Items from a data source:
____

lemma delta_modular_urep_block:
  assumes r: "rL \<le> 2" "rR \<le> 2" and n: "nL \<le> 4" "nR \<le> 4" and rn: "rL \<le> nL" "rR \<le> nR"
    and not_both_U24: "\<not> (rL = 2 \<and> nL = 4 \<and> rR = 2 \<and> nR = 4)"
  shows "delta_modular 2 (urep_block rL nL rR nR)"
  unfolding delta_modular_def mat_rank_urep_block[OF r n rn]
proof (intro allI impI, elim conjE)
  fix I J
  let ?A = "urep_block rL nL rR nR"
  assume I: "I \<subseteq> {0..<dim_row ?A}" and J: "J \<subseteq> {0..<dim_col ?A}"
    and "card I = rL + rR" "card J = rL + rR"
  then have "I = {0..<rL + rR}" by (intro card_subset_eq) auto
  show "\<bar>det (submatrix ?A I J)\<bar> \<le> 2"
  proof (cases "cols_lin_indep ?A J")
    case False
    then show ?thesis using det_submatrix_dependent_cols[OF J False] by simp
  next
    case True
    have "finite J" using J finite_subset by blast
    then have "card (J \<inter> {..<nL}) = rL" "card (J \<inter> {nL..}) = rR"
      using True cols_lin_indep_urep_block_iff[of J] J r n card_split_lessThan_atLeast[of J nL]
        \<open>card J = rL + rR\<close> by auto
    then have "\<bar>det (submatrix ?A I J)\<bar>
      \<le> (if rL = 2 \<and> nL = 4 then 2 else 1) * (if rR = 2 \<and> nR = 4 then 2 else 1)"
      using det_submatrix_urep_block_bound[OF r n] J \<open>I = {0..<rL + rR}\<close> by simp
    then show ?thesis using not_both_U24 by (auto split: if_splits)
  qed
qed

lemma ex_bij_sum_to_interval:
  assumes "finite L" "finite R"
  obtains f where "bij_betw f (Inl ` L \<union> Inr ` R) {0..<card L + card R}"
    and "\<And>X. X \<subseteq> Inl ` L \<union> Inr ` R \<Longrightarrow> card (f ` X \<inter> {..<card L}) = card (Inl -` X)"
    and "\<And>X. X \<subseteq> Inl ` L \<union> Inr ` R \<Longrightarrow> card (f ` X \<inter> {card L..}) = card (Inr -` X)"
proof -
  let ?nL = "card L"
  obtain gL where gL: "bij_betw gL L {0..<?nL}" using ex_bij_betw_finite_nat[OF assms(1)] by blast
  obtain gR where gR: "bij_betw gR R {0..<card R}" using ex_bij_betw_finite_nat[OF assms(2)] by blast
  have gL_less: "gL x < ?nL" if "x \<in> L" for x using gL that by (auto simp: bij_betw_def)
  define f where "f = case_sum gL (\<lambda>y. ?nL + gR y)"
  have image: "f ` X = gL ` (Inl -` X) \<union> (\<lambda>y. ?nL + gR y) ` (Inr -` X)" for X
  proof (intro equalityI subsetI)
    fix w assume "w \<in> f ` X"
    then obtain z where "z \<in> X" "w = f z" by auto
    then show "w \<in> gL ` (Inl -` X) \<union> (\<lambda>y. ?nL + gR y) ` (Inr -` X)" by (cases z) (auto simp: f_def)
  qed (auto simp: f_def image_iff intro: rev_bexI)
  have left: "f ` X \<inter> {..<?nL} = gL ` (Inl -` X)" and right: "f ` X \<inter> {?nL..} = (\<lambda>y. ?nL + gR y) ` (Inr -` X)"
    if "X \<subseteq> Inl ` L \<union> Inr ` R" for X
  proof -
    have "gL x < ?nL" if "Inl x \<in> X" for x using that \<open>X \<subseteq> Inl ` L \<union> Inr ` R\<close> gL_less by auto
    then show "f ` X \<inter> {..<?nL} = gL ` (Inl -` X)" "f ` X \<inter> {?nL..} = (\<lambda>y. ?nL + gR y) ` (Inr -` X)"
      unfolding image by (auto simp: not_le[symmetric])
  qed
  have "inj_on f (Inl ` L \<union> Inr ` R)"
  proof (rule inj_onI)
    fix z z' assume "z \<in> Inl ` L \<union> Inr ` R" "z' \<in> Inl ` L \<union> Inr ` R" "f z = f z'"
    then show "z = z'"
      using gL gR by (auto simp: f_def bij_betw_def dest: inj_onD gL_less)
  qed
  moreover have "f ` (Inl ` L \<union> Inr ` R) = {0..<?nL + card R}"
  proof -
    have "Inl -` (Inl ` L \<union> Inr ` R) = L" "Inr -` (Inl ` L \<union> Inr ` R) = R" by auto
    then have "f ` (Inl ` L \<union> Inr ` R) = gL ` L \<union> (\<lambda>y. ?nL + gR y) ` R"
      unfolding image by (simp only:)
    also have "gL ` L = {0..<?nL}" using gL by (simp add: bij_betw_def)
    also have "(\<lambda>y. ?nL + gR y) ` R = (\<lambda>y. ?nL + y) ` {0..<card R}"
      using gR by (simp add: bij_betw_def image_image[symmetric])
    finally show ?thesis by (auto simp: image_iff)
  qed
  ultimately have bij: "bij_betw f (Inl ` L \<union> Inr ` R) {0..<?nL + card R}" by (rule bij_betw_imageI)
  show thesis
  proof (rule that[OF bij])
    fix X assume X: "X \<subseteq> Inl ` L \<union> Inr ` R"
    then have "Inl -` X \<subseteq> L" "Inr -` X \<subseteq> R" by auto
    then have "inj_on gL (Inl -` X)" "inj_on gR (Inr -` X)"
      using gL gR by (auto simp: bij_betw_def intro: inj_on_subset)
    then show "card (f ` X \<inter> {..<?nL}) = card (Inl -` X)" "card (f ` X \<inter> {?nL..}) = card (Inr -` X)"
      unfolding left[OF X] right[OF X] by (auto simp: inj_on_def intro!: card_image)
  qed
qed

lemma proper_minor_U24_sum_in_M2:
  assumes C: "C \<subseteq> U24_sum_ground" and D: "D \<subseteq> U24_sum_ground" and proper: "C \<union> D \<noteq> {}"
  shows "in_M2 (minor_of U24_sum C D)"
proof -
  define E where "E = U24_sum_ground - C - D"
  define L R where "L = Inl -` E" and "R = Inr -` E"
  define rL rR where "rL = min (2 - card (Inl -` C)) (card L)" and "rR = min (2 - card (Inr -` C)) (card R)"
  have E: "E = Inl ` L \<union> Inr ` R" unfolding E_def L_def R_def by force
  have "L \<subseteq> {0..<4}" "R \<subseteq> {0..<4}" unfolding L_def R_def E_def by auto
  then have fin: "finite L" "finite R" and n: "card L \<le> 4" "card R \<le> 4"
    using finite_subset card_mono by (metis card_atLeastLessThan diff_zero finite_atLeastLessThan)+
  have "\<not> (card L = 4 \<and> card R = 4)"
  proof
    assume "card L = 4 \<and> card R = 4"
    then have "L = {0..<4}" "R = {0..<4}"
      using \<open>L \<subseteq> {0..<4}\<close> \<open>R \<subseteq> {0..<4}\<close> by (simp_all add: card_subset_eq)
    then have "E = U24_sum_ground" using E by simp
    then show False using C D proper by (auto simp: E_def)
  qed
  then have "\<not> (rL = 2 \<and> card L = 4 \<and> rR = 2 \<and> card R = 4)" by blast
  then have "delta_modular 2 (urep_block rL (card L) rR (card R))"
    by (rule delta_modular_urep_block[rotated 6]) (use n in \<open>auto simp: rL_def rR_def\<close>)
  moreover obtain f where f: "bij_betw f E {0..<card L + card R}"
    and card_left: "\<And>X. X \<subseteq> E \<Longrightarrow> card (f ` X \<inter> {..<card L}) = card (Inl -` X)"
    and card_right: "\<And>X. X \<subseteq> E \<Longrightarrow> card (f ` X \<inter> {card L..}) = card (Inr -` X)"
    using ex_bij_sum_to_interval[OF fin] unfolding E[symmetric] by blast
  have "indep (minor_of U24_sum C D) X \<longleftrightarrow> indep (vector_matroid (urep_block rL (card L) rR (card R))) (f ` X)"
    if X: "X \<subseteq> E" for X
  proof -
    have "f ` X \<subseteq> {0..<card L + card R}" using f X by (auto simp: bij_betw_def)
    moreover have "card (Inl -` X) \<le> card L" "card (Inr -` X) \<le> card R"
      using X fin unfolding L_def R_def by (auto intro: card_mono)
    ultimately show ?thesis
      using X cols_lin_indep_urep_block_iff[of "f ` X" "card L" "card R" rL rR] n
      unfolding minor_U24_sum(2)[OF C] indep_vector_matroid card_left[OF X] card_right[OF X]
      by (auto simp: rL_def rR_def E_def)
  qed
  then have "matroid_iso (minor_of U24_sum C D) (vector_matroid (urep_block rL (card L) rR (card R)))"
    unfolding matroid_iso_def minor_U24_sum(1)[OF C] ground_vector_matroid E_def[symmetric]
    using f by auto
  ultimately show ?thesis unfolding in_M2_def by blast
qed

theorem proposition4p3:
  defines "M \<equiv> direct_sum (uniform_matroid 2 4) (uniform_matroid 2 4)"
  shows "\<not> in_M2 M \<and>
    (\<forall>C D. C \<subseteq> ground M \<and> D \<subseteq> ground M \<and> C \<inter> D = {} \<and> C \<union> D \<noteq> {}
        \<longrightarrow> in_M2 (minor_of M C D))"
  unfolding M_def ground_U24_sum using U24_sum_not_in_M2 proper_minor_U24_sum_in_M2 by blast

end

____

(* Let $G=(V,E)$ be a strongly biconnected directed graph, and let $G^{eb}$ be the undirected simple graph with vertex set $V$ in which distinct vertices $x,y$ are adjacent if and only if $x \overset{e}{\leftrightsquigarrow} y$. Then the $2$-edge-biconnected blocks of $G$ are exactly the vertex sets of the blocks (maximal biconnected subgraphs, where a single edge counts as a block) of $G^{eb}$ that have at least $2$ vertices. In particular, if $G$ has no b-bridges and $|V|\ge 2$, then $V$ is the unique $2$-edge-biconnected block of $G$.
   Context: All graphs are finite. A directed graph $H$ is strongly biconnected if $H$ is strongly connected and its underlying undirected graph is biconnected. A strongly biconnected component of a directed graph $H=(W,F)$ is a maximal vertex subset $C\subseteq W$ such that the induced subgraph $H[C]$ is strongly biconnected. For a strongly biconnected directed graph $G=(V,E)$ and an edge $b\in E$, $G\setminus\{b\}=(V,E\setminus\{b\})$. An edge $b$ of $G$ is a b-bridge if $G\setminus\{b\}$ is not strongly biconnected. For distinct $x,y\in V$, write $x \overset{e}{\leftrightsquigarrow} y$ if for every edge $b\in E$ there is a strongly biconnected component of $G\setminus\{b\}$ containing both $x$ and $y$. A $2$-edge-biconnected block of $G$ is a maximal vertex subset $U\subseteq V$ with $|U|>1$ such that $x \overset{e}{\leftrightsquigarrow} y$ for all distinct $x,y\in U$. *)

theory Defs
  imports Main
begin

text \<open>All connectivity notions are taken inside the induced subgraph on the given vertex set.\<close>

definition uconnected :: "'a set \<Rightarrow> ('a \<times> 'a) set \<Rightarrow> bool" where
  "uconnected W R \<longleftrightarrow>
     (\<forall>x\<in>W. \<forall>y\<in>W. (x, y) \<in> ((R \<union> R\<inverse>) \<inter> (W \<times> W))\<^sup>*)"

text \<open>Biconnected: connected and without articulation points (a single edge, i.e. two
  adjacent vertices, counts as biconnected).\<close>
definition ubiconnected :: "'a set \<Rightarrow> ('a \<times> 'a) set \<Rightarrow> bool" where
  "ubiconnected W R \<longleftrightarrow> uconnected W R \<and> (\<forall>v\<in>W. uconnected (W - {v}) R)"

____

EXERCISE GOAL: The lines above that include "where" should each be listed.

PROBLEM SOLUTION:
  obtains f where "bij_betw f (Inl ` L \<union> Inr ` R) {0..<card L + card R}"
  obtain gL where gL: "bij_betw gL L {0..<?nL}" using ex_bij_betw_finite_nat[OF assms(1)] by blast
  obtain gR where gR: "bij_betw gR R {0..<card R}" using ex_bij_betw_finite_nat[OF assms(2)] by blast
  define f where "f = case_sum gL (\<lambda>y. ?nL + gR y)"
    then obtain z where "z \<in> X" "w = f z" by auto
  define E where "E = U24_sum_ground - C - D"
  define L R where "L = Inl -` E" and "R = Inr -` E"
  define rL rR where "rL = min (2 - card (Inl -` C)) (card L)" and "rR = min (2 - card (Inr -` C)) (card R)"
  moreover obtain f where f: "bij_betw f E {0..<card L + card R}"
(* Let $G=(V,E)$ be a strongly biconnected directed graph, and let $G^{eb}$ be the undirected simple graph with vertex set $V$ in which distinct vertices $x,y$ are adjacent if and only if $x \overset{e}{\leftrightsquigarrow} y$. Then the $2$-edge-biconnected blocks of $G$ are exactly the vertex sets of the blocks (maximal biconnected subgraphs, where a single edge counts as a block) of $G^{eb}$ that have at least $2$ vertices. In particular, if $G$ has no b-bridges and $|V|\ge 2$, then $V$ is the unique $2$-edge-biconnected block of $G$.
definition uconnected :: "'a set \<Rightarrow> ('a \<times> 'a) set \<Rightarrow> bool" where
definition ubiconnected :: "'a set \<Rightarrow> ('a \<times> 'a) set \<Rightarrow> bool" where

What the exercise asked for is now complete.